Suas perguntas são legítimas. Como estudante, em 1977 e 1978, participei ativamente da luta contra a intervenção na UnB, que acabou resultando em conquistas democráticas importantes, inclusive a eleição para reitores, com ampla participação dos três segmentos. A esse respeito, vale lembrar que as três primeiras eleições para a reitoria da UnB, depois do reitor Azevedo, eram paritárias. O que temos hoje, desde a eleição de Lauro Mohry, significou uma ruptura com aquela ordem estabelecida. Quando estudantes lutam, hoje, pela reivindicação de eleições paritárias, o fazem com o mesmo anseio democrático que motivava a luta de 1977, ou mesmo de 1968. O que você acha que fariam, hoje, os estudantes que, naquela época, lutavam pela democracia nas universidades? Eu estive, como lhe disse, em ativa participação estudantil em 1977, e entendo que o mínimo que tenho que fazer, para ser coerente com aqueles princípios que norteavam a minha conduta, é me colocar ao lado dos estudantes nessa defesa. Nesse sentido, a democracia, na UnB, hoje, em que pese conquistas importantes, precisa ser mais bem qualificada.
.
A eleição para reitoria é um dos aspectos. Há muitos outros que precisam ser, urgentemente, reestabelecidos, sob o risco de nos tornarmos uma instituição refém exclusiva dos atos do reitor (que é também o presidente da FUB).
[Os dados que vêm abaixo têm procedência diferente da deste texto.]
(* Let $\mathcal G=(V_{\min},V_{\max},E,w,\lambda)$ be a discounted payoff game and $\varepsilon>0$. Let $\mathcal G'=(V_{\min},V_{\max},E,w',\lambda)$ be obtained from $\mathcal G$ by adding to every edge weight a value drawn independently and uniformly at random from $(-\varepsilon,\varepsilon)$. Then $\mathcal G'$ is almost surely sharp.
   Context: A discounted payoff game is a tuple $\mathcal G=(V_{\min},V_{\max},E,w,\lambda)$ with $V=V_{\min}\cup V_{\max}$ finite (disjoint union of Min and Max vertices), $E\subseteq V\times V$ with every vertex having an outgoing edge, $w:E\to\mathbb R$, $\lambda:E\to[0,1)$. $H$ is the system of inequations over $x\in\mathbb R^V$ containing, for each edge $e=(v,v')$, $x(v)\ge w_e+\lambda_e x(v')$ if $v\in V_{\max}$ and $x(v)\le w_e+\lambda_e x(v')$ if $v\in V_{\min}$. A basis of $H$ is a set of $|V|$ inequations of $H$ whose equality versions have a unique common solution; if that solution satisfies $H$ it is the basis valuation. The game is sharp if every basis valuation satisfies exactly $|V|$ inequations of $H$ with equality (equivalently, distinct bases have distinct basis valuations). *)

theory Defs
  imports "HOL-Probability.Probability"
begin

text \<open>Vertices form a finite type 'v (so V = UNIV); a valuation is x :: 'v => real.
  Edges are pairs (v, v'); weights and discounts are functions on edges.\<close>

definition dpg :: "'v set \<Rightarrow> 'v set \<Rightarrow> ('v \<times> 'v) set \<Rightarrow> ('v \<times> 'v \<Rightarrow> real) \<Rightarrow> bool" where
  "dpg Vmin Vmax E lam \<longleftrightarrow>
     Vmin \<inter> Vmax = {} \<and> Vmin \<union> Vmax = UNIV \<and>
     (\<forall>v. \<exists>v'. (v, v') \<in> E) \<and>
     (\<forall>e\<in>E. 0 \<le> lam e \<and> lam e < 1)"

definition ineq_holds :: "'v set \<Rightarrow> 'v set \<Rightarrow> ('v \<times> 'v \<Rightarrow> real) \<Rightarrow> ('v \<times> 'v \<Rightarrow> real)
    \<Rightarrow> 'v \<times> 'v \<Rightarrow> ('v \<Rightarrow> real) \<Rightarrow> bool" where
  "ineq_holds Vmin Vmax w lam e x \<longleftrightarrow>
     (fst e \<in> Vmax \<longrightarrow> x (fst e) \<ge> w e + lam e * x (snd e)) \<and>
     (fst e \<in> Vmin \<longrightarrow> x (fst e) \<le> w e + lam e * x (snd e))"

definition tight :: "('v \<times> 'v \<Rightarrow> real) \<Rightarrow> ('v \<times> 'v \<Rightarrow> real) \<Rightarrow> 'v \<times> 'v \<Rightarrow> ('v \<Rightarrow> real) \<Rightarrow> bool" where
  "tight w lam e x \<longleftrightarrow> x (fst e) = w e + lam e * x (snd e)"

definition is_basis :: "('v::finite \<times> 'v) set \<Rightarrow> ('v \<times> 'v \<Rightarrow> real) \<Rightarrow> ('v \<times> 'v \<Rightarrow> real)
    \<Rightarrow> ('v \<times> 'v) set \<Rightarrow> bool" where
  "is_basis E w lam B \<longleftrightarrow> B \<subseteq> E \<and> card B = CARD('v) \<and> (\<exists>!x. \<forall>e\<in>B. tight w lam e x)"

definition basis_valuation :: "'v set \<Rightarrow> 'v set \<Rightarrow> ('v::finite \<times> 'v) set \<Rightarrow> ('v \<times> 'v \<Rightarrow> real)
    \<Rightarrow> ('v \<times> 'v \<Rightarrow> real) \<Rightarrow> ('v \<times> 'v) set \<Rightarrow> ('v \<Rightarrow> real) \<Rightarrow> bool" where
  "basis_valuation Vmin Vmax E w lam B x \<longleftrightarrow>
     is_basis E w lam B \<and> (\<forall>e\<in>B. tight w lam e x) \<and> (\<forall>e\<in>E. ineq_holds Vmin Vmax w lam e x)"

definition sharp :: "'v set \<Rightarrow> 'v set \<Rightarrow> ('v::finite \<times> 'v) set \<Rightarrow> ('v \<times> 'v \<Rightarrow> real)
    \<Rightarrow> ('v \<times> 'v \<Rightarrow> real) \<Rightarrow> bool" where
  "sharp Vmin Vmax E w lam \<longleftrightarrow>
     (\<forall>B x. basis_valuation Vmin Vmax E w lam B x \<longrightarrow>
        card {e\<in>E. tight w lam e x} = CARD('v))"

end

theory Submission
  imports Defs "HOL-Library.Function_Algebras"
begin

text \<open>A basis fixes its valuation as a linear function of the weights of the basis edges
  alone. A further edge e outside the basis is tight at that valuation only if the perturbation
  of e equals a function of the perturbations of the other edges, and under a product of
  atomless distributions this happens with probability zero. As there are only finitely many
  pairs of a basis and an edge outside it, almost surely no basis valuation makes more than
  the basis edges tight. Neither the bounds on the discounts nor the partition of the vertices
  enter the argument.\<close>

lemma AE_PiM_component_neq:
  fixes M :: "'i \<Rightarrow> real measure" and h :: "('i \<Rightarrow> real) \<Rightarrow> real"
  assumes "product_sigma_finite M" and "finite I" and "i \<in> I"
    and sets_Mi: "sets (M i) = sets borel" and atomless: "\<And>c. emeasure (M i) {c} = 0"
    and h_measurable: "h \<in> borel_measurable (PiM I M)"
    and h_indep: "\<And>d t. h (d(i := t)) = h d"
  shows "AE d in PiM I M. d i \<noteq> h d"
proof -
  interpret product_sigma_finite M by fact
  let ?N = "{d \<in> space (PiM I M). d i = h d}"
  let ?J = "I - {i}"
  have I_eq: "I = insert i ?J" using \<open>i \<in> I\<close> by auto
  have "(\<lambda>d. d i) \<in> borel_measurable (PiM I M)"
    using measurable_component_singleton[OF \<open>i \<in> I\<close>, of M] sets_Mi
    by (metis measurable_cong_sets)
  then have N_sets: "?N \<in> sets (PiM I M)"
    using h_measurable by (rule measurable_equality_set)
  have "emeasure (PiM I M) ?N = (\<integral>\<^sup>+ d. indicator ?N d \<partial>PiM (insert i ?J) M)"
    using N_sets I_eq by simp
  also have "\<dots> = (\<integral>\<^sup>+ x. (\<integral>\<^sup>+ y. indicator ?N (x(i := y)) \<partial>M i) \<partial>PiM ?J M)"
    using N_sets I_eq \<open>finite I\<close> by (intro product_nn_integral_insert) auto
  also have "\<dots> = (\<integral>\<^sup>+ x. 0 \<partial>PiM ?J M)"
  proof (rule nn_integral_cong)
    fix x
    have "(\<integral>\<^sup>+ y. indicator ?N (x(i := y)) \<partial>M i) \<le> (\<integral>\<^sup>+ y. indicator {h x} y \<partial>M i)"
      by (intro nn_integral_mono) (auto simp: indicator_def h_indep)
    also have "\<dots> = emeasure (M i) {h x}"
      using sets_Mi by simp
    finally show "(\<integral>\<^sup>+ y. indicator ?N (x(i := y)) \<partial>M i) = 0"
      using atomless by simp
  qed
  finally have "?N \<in> null_sets (PiM I M)"
    using N_sets by (simp add: null_sets_def)
  then show ?thesis
    by (rule AE_I') auto
qed

interpretation real_fun: vector_space_pair
  "\<lambda>c (f :: 'a \<Rightarrow> real) x. c * f x" "\<lambda>c (g :: 'b \<Rightarrow> real) y. c * g y"
  by unfold_locales (auto simp: fun_eq_iff algebra_simps)

lemma sum_fun_apply: "(\<Sum>a\<in>A. f a) x = (\<Sum>a\<in>A. f a x)"
  by (induction A rule: infinite_finite_induct) auto

lemma tight_solution_linear_in_weights:
  fixes B :: "('v \<times> 'v) set" and w lam :: "'v \<times> 'v \<Rightarrow> real"
  assumes "finite B" and unique: "\<exists>!x. \<forall>b\<in>B. tight w lam b x"
  obtains c :: "'v \<times> 'v \<Rightarrow> 'v \<Rightarrow> real"
  where "\<And>w' x. \<forall>b\<in>B. tight w' lam b x \<Longrightarrow> x = (\<lambda>v. \<Sum>b\<in>B. w' b * c b v)"
proof -
  define L where "L x = (\<lambda>b. if b \<in> B then x (fst b) - lam b * x (snd b) else 0)"
    for x :: "'v \<Rightarrow> real"
  have L_linear: "Vector_Spaces.linear (\<lambda>c f x. c * f x) (\<lambda>c g y. c * g y) L"
    unfolding module_hom_iff_linear[symmetric] module_hom_iff
    using real_fun.vs1.vector_space_axioms[where 'a = 'v]
      real_fun.vs1.vector_space_axioms[where 'a = "'v \<times> 'v"]
    by (auto simp: L_def fun_eq_iff algebra_simps module_iff_vector_space)
  have "inj L"
    unfolding real_fun.linear_inj_iff_eq_0[OF L_linear]
  proof (intro allI impI)
    fix z assume "L z = 0"
    obtain x where x: "\<forall>b\<in>B. tight w lam b x" using unique by blast
    have "\<forall>b\<in>B. tight w lam b (x + z)"
    proof
      fix b assume "b \<in> B"
      with fun_cong[OF \<open>L z = 0\<close>, of b] have "z (fst b) = lam b * z (snd b)"
        by (simp add: L_def)
      with x \<open>b \<in> B\<close> show "tight w lam b (x + z)"
        by (auto simp: tight_def algebra_simps)
    qed
    with x unique have "x + z = x" by blast
    then show "z = 0" by simp
  qed
  then obtain g where g_linear: "Vector_Spaces.linear (\<lambda>c g y. c * g y) (\<lambda>c f x. c * f x) g"
    and g_L: "g \<circ> L = id"
    using real_fun.linear_injective_left_inverse[OF L_linear] by blast
  define unit where "unit b = (\<lambda>b'. if b' = b then 1 else 0 :: real)" for b :: "'v \<times> 'v"
  show thesis
  proof
    fix w' x assume tight_B: "\<forall>b\<in>B. tight w' lam b x"
    have "L x = (\<Sum>b\<in>B. (\<lambda>b'. w' b * unit b b'))"
      using tight_B \<open>finite B\<close>
      by (auto simp: L_def unit_def tight_def fun_eq_iff sum_fun_apply if_distrib sum.delta
          cong: if_cong)
    then have "x = g (\<Sum>b\<in>B. (\<lambda>b'. w' b * unit b b'))"
      using g_L by (metis comp_apply id_apply)
    also have "\<dots> = (\<lambda>v. \<Sum>b\<in>B. w' b * g (unit b) v)"
      by (simp add: real_fun.linear_sum[OF g_linear] real_fun.linear_scale[OF g_linear]
          sum_fun_apply fun_eq_iff)
    finally show "x = (\<lambda>v. \<Sum>b\<in>B. w' b * g (unit b) v)" .
  qed
qed

lemma AE_no_further_tight_edge:
  fixes M :: "'v \<times> 'v \<Rightarrow> real measure" and w lam :: "'v \<times> 'v \<Rightarrow> real"
  assumes "product_sigma_finite M" and "finite I" and "B \<subseteq> I" and "e \<in> I - B"
    and sets_M: "\<And>j. sets (M j) = sets borel" and atomless: "\<And>c. emeasure (M e) {c} = 0"
  shows "AE \<delta> in PiM I M. \<forall>x.
           (\<exists>!y. \<forall>b\<in>B. tight (\<lambda>b. w b + \<delta> b) lam b y) \<and> (\<forall>b\<in>B. tight (\<lambda>b. w b + \<delta> b) lam b x)
           \<longrightarrow> \<not> tight (\<lambda>b. w b + \<delta> b) lam e x"
proof (cases "\<exists>w'. \<exists>!y. \<forall>b\<in>B. tight w' lam b y")
  case False
  then show ?thesis by (intro AE_I2) blast
next
  case True
  have "finite B" using \<open>finite I\<close> \<open>B \<subseteq> I\<close> by (rule finite_subset[rotated])
  moreover from True obtain w0 where "\<exists>!y. \<forall>b\<in>B. tight w0 lam b y" by blast
  ultimately obtain c :: "'v \<times> 'v \<Rightarrow> 'v \<Rightarrow> real"
    where solution: "\<And>w' x. \<forall>b\<in>B. tight w' lam b x \<Longrightarrow> x = (\<lambda>v. \<Sum>b\<in>B. w' b * c b v)"
    by (rule tight_solution_linear_in_weights) blast
  \<comment> \<open>the value of the perturbation of e that makes e tight at the basis valuation\<close>
  define h where "h \<delta> = (\<Sum>b\<in>B. (w b + \<delta> b) * c b (fst e))
      - lam e * (\<Sum>b\<in>B. (w b + \<delta> b) * c b (snd e)) - w e" for \<delta> :: "'v \<times> 'v \<Rightarrow> real"
  have component: "(\<lambda>\<delta>. \<delta> j) \<in> borel_measurable (PiM I M)" if "j \<in> I" for j
    using measurable_component_singleton[OF that, of M] sets_M
    by (metis measurable_cong_sets)
  have "h \<in> borel_measurable (PiM I M)"
    unfolding h_def using \<open>B \<subseteq> I\<close> by (auto intro!: borel_measurable_sum borel_measurable_times
        borel_measurable_add borel_measurable_diff component)
  moreover have "h (\<delta>(e := t)) = h \<delta>" for \<delta> t
  proof -
    have "\<forall>b\<in>B. (\<delta>(e := t)) b = \<delta> b" using \<open>e \<in> I - B\<close> by auto
    then show ?thesis by (simp add: h_def cong: sum.cong_simp)
  qed
  ultimately have "AE \<delta> in PiM I M. \<delta> e \<noteq> h \<delta>"
    using assms by (intro AE_PiM_component_neq) auto
  then show ?thesis
  proof (rule eventually_mono, intro allI impI notI)
    fix \<delta> x
    assume "\<delta> e \<noteq> h \<delta>" and "tight (\<lambda>b. w b + \<delta> b) lam e x"
      and "(\<exists>!y. \<forall>b\<in>B. tight (\<lambda>b. w b + \<delta> b) lam b y) \<and> (\<forall>b\<in>B. tight (\<lambda>b. w b + \<delta> b) lam b x)"
    then show False
      using solution[of "\<lambda>b. w b + \<delta> b" x] by (auto simp: tight_def h_def)
  qed
qed

lemma sharpI:
  fixes E :: "('v::finite \<times> 'v) set"
  assumes "\<And>B x e. is_basis E w lam B \<Longrightarrow> \<forall>b\<in>B. tight w lam b x \<Longrightarrow> e \<in> E - B
             \<Longrightarrow> \<not> tight w lam e x"
  shows "sharp Vmin Vmax E w lam"
  unfolding sharp_def basis_valuation_def
proof (intro allI impI, elim conjE)
  fix B x assume B: "is_basis E w lam B" and tight_B: "\<forall>b\<in>B. tight w lam b x"
  have "{e \<in> E. tight w lam e x} = B"
  proof
    show "{e \<in> E. tight w lam e x} \<subseteq> B"
      using assms[OF B tight_B] by blast
    show "B \<subseteq> {e \<in> E. tight w lam e x}"
      using B tight_B unfolding is_basis_def by blast
  qed
  with B show "card {e \<in> E. tight w lam e x} = CARD('v)"
    by (simp add: is_basis_def)
qed

theorem lemma4p6:
  fixes Vmin Vmax :: "'v::finite set" and E :: "('v \<times> 'v) set"
    and w lam :: "'v \<times> 'v \<Rightarrow> real" and \<epsilon> :: real
  assumes "dpg Vmin Vmax E lam" and "\<epsilon> > 0"
  shows "AE \<delta> in PiM E (\<lambda>_. uniform_measure lborel {-\<epsilon><..<\<epsilon>}).
           sharp Vmin Vmax E (\<lambda>e. w e + \<delta> e) lam"
proof -
  let ?M = "\<lambda>_ :: 'v \<times> 'v. uniform_measure lborel {-\<epsilon><..<\<epsilon>}"
  have "prob_space (?M i)" for i :: "'v \<times> 'v"
    using \<open>\<epsilon> > 0\<close> by (intro prob_space_uniform_measure) auto
  then have "product_sigma_finite ?M"
    unfolding product_sigma_finite_def using prob_space_imp_sigma_finite by blast
  moreover have "emeasure (?M i) {c} = 0" for i :: "'v \<times> 'v" and c
    by (simp add: Int_insert_right)
  ultimately have "AE \<delta> in PiM E ?M. \<forall>B \<in> Pow E. \<forall>e \<in> E - B. \<forall>x.
           (\<exists>!y. \<forall>b\<in>B. tight (\<lambda>b. w b + \<delta> b) lam b y) \<and> (\<forall>b\<in>B. tight (\<lambda>b. w b + \<delta> b) lam b x)
           \<longrightarrow> \<not> tight (\<lambda>b. w b + \<delta> b) lam e x"
    (is "AE \<delta> in _. \<forall>B \<in> _. \<forall>e \<in> _. ?no_further_tight \<delta> B e")
    by (intro AE_finite_allI) (auto intro!: AE_no_further_tight_edge)
  then show ?thesis
  proof (rule eventually_mono, intro sharpI)
    fix \<delta> B x e
    assume no_further_tight: "\<forall>B \<in> Pow E. \<forall>e \<in> E - B. ?no_further_tight \<delta> B e"
      and "is_basis E (\<lambda>b. w b + \<delta> b) lam B" and "\<forall>b\<in>B. tight (\<lambda>b. w b + \<delta> b) lam b x"
      and "e \<in> E - B"
    with no_further_tight[rule_format, of B e x] show "\<not> tight (\<lambda>b. w b + \<delta> b) lam e x"
      unfolding is_basis_def by blast
  qed
qed

end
Diante da gravidade do fato que passo a expor, também apelo para sua consciência democrática e ao seu passado de luta na construção de nosso estatuto, que, a meu ver, corre sérios riscos, se não agirmos com firmeza e celeridade.
.
Não sei se é de seu conhecimento e dos demais que participam desta lista, mas o Conselho Diretor da FUB, em reuniões nos dias 28 de junho e 04 de julho de 2007, decidiu, mediante o decreto de número 12 de 2007, sem que tivesse passado pelo Consuni (órgão máximo de deliberação da Universidade de Brasília, que, em seu Artigo 12, parágrafo I, estabelece que a ele compete “formular as políticas globais da Universidade”), “Instituir o Programa de Modernização da Gestão da Fundação da Universidade de Brasília (FUB) com o objetivo de dar maior eficiência, agilidade e transparência ao processo de administração da Fundação e dos órgãos que a integram”.
.
Visando, com essa “modernização de gestão”, atender aos seguintes princípios: I. racionalização da estrutura organizacional de órgãos e Unidades; II. eliminação da superposição de competências entre órgãos e Unidades; III. coerência entre os objetivos de órgãos e Unidades e as instâncias a que estão vinculados; IV. redução dos níveis hierárquicos até, no máximo, três níveis, incluindo o dirigente das Unidades integrantes da estrutura da Fundação Universidade de Brasília; V. reorganização e simplificação de processos e atividades; VI. adoção de estruturas flexíveis de organização do trabalho, que agilizem a execução e facilitem a comunicação nos órgãos e Unidades e entre estes.
.
O mais grave de tudo é que o Artigo 4 do mesmo decreto estabelece que estarão subordinados diretamente ao Presidente da FUB (isto é, ao próprio reitor), os seguintes órgãos: a) a Procuradoria Jurídica, b) a Auditoria, c) as Agências e d) as Secretarias.
.
Em resumo, trata-se de um GOLPE, repito, fomos (estudantes, docentes e técnico-administrativos) atingidos duramente em nosso Estatuto e em nossa democracia interna, com este GOLPE do Conselho Diretor, que é presidido pelo reitor, Timothy Mulholand. Só por esta razão, entendo, ele não mereceria mais nossa confiança para permanecer no cargo. E não me refiro a nada do que já está sendo objeto de apuração pelo Ministério Público e apontado na grande mídia. Com esse decreto, o reitor concentra, em suas mãos, o poder jurídico e investigatório (com a Procuradoria e a Auditoria), e, sobretudo, o poder econômico, mediante o que está sendo chamado “Agências”, no referido decreto.
.
Vale lembrar que a recém criada “Agência de Desenvolvimento Institucional”, dentro da Editora – objeto de tantas denúncias pelo modo como tem atuado junto à Funsaúde, por exemplo – estaria sob a direta relação de dependência para com o reitor, se valer o decreto citado. Isto é, poderia passar por lá toda movimentação de captação e distribuição de recursos, hoje da ordem de milhões de reais, sem que nenhum de nós pudesse minimamente interferir e exercer controle democrático.
.
Percebe, prezada colega, a gravidade da situação? Quem pode nos salvar desse GOLPE? Você defenderia esse decreto? Como nos defendermos disso?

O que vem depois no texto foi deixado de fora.